• TASK PROMPT
Write out each line of the entries below that holds the word "assms".

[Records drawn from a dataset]
lemma sub_count_numbering:
  assumes g: "numbering E X P n g"
  shows "sub_count X E W F = sub_count {0..<n} P W F"
proof -
  have inj: "inj_on g {0..<n}"
    using g unfolding numbering_def bij_betw_def by blast
  have "{Z. Z \<subseteq> X \<and> induced_iso E Z F W} = (`) g ` {Y. Y \<subseteq> {0..<n} \<and> induced_iso P Y F W}"
  proof (intro equalityI subsetI)
    fix Z assume Z: "Z \<in> {Z. Z \<subseteq> X \<and> induced_iso E Z F W}"
    define Y where "Y = {a \<in> {0..<n}. g a \<in> Z}"
    have "Y \<subseteq> {0..<n}" and "g ` Y = Z"
      using Z numbering_image[OF g] unfolding Y_def by auto
    with Z numbering_induced_iso_image[OF g] show "Z \<in> (`) g ` {Y. Y \<subseteq> {0..<n} \<and> induced_iso P Y F W}"
      by blast
  next
    fix Z assume "Z \<in> (`) g ` {Y. Y \<subseteq> {0..<n} \<and> induced_iso P Y F W}"
    with numbering_induced_iso_image[OF g] numbering_image[OF g]
    show "Z \<in> {Z. Z \<subseteq> X \<and> induced_iso E Z F W}"
      by blast
  qed
  moreover have "inj_on ((`) g) {Y. Y \<subseteq> {0..<n} \<and> induced_iso P Y F W}"
    using inj_on_image_eq_iff[OF inj] by (auto intro: inj_onI)
  ultimately show ?thesis
    unfolding sub_count_def by (simp add: card_image)
qed

lemma chain_direction:
  assumes inj: "inj_on f {0..<j}" and inj_s: "inj_on s (f ` {0..<j})"
    and step: "\<And>a. Suc a < j \<Longrightarrow> f (Suc a) = s (f a) \<or> f a = s (f (Suc a))"
  shows "(\<forall>a. Suc a < j \<longrightarrow> f (Suc a) = s (f a)) \<or> (\<forall>a. Suc a < j \<longrightarrow> f a = s (f (Suc a)))"
proof -
  have forward: "f (Suc (Suc a)) = s (f (Suc a))"
    if "Suc (Suc a) < j" "f (Suc a) = s (f a)" for a
  proof -
    have "f (Suc a) \<noteq> s (f (Suc (Suc a)))"
      using that inj_onD[OF inj, of a "Suc (Suc a)"] inj_onD[OF inj_s, of "f a" "f (Suc (Suc a))"]
      by auto
    with step[OF that(1)] show ?thesis by auto
  qed
  have backward: "f (Suc a) = s (f (Suc (Suc a)))"
    if "Suc (Suc a) < j" "f a = s (f (Suc a))" for a
    using step[OF that(1)] that inj_onD[OF inj, of a "Suc (Suc a)"] by auto
  consider "j \<le> 1" | "f 1 = s (f 0)" | "f 0 = s (f 1)"
    using step[of 0] by force
  then show ?thesis
  proof cases
    case 2
    have "Suc a < j \<longrightarrow> f (Suc a) = s (f a)" for a
      by (induction a) (use 2 forward in auto)
    then show ?thesis by blast
  next
    case 3
    have "Suc a < j \<longrightarrow> f a = s (f (Suc a))" for a
      by (induction a) (use 3 backward in auto)
    then show ?thesis by blast
  qed auto
qed
lemma matrix_inv:
  assumes "invertible S"
  shows "S ** matrix_inv S = mat 1" "matrix_inv S ** S = mat 1"
proof -
  have "S ** matrix_inv S = mat 1 \<and> matrix_inv S ** S = mat 1"
    using assms unfolding invertible_def matrix_inv_def by (rule someI_ex)
  then show "S ** matrix_inv S = mat 1" "matrix_inv S ** S = mat 1" by auto
qed

text \<open>With \<open>w = \<Sigma>\<^sup>-\<^sup>1 z\<close>, \<open>z\<^sup>* \<Sigma>\<^sup>-\<^sup>1 z = cnj (w\<^sup>* \<Sigma> w)\<close>.\<close>

lemma pos_def_herm_form_matrix_inv_pos:
  assumes "pos_def_mat S" "z \<noteq> 0"
  shows "Re (herm_form (matrix_inv S) z) > 0"
proof -
  define w where "w = matrix_inv S *v z"
  have Sw: "S *v w = z"
    using matrix_inv(1)[OF pos_def_invertible[OF assms(1)]]
    by (simp add: w_def matrix_vector_mul_assoc)
  then have "w \<noteq> 0" using assms(2) by auto
  then have "Re (herm_form S w) > 0" using assms(1) unfolding pos_def_mat_def by auto
  moreover have "herm_form (matrix_inv S) z = cnj (herm_form S w)"
    by (simp add: herm_form_eq_matrix_vector_mult Sw flip: w_def) (simp add: mult.commute)
  ultimately show ?thesis by simp
qed

text \<open>A positive continuous quadratic form attains a positive minimum \<open>c\<close> on the unit sphere,
  and is therefore bounded below by \<open>c |z|\<^sup>2\<close>.\<close>

lemma pos_def_matrix_inv_coercive:
  assumes "pos_def_mat S"
  shows "\<exists>c. coercive_form (matrix_inv S) c"
proof -
  let ?q = "\<lambda>z. Re (herm_form (matrix_inv S) z)"
  have "continuous_on UNIV (herm_form (matrix_inv S))"
    by (intro continuous_at_imp_continuous_on ballI
        has_derivative_continuous[OF has_derivative_herm_form])
  then have cont: "continuous_on UNIV ?q" by (intro continuous_intros)
  have "axis undefined 1 /\<^sub>R norm (axis undefined (1::complex)) \<in> sphere (0::complex^'a) 1"
    by (simp add: axis_eq_0_iff)
  then have "sphere (0::complex^'a) 1 \<noteq> {}" by blast
  then obtain z0 where z0: "z0 \<in> sphere 0 1" and min: "\<And>y. y \<in> sphere 0 1 \<Longrightarrow> ?q z0 \<le> ?q y"
    using continuous_attains_inf[OF compact_sphere _ continuous_on_subset[OF cont]] by blast
  have "z0 \<noteq> 0" using z0 by auto
  then have "?q z0 > 0" using pos_def_herm_form_matrix_inv_pos[OF assms] by blast
  moreover have "?q z0 * norm z ^ 2 \<le> ?q z" for z
  proof (cases "z = 0")
    case False
    have "?q z = norm z ^ 2 * ?q (z /\<^sub>R norm z)"
      using herm_form_scaleR[of "matrix_inv S" "norm z" "z /\<^sub>R norm z"] False by simp
    moreover have "?q z0 \<le> ?q (z /\<^sub>R norm z)" using False by (intro min) simp
    ultimately show ?thesis by (metis mult.commute mult_left_mono zero_le_power2)
  qed (simp add: herm_form_def)
  ultimately show ?thesis unfolding coercive_form_def by blast
qed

• PROBLEM SOLUTION
    using assms unfolding invertible_def matrix_inv_def by (rule someI_ex)
    using matrix_inv(1)[OF pos_def_invertible[OF assms(1)]]
  then have "w \<noteq> 0" using assms(2) by auto
  then have "Re (herm_form S w) > 0" using assms(1) unfolding pos_def_mat_def by auto
  then have "?q z0 > 0" using pos_def_herm_form_matrix_inv_pos[OF assms] by blast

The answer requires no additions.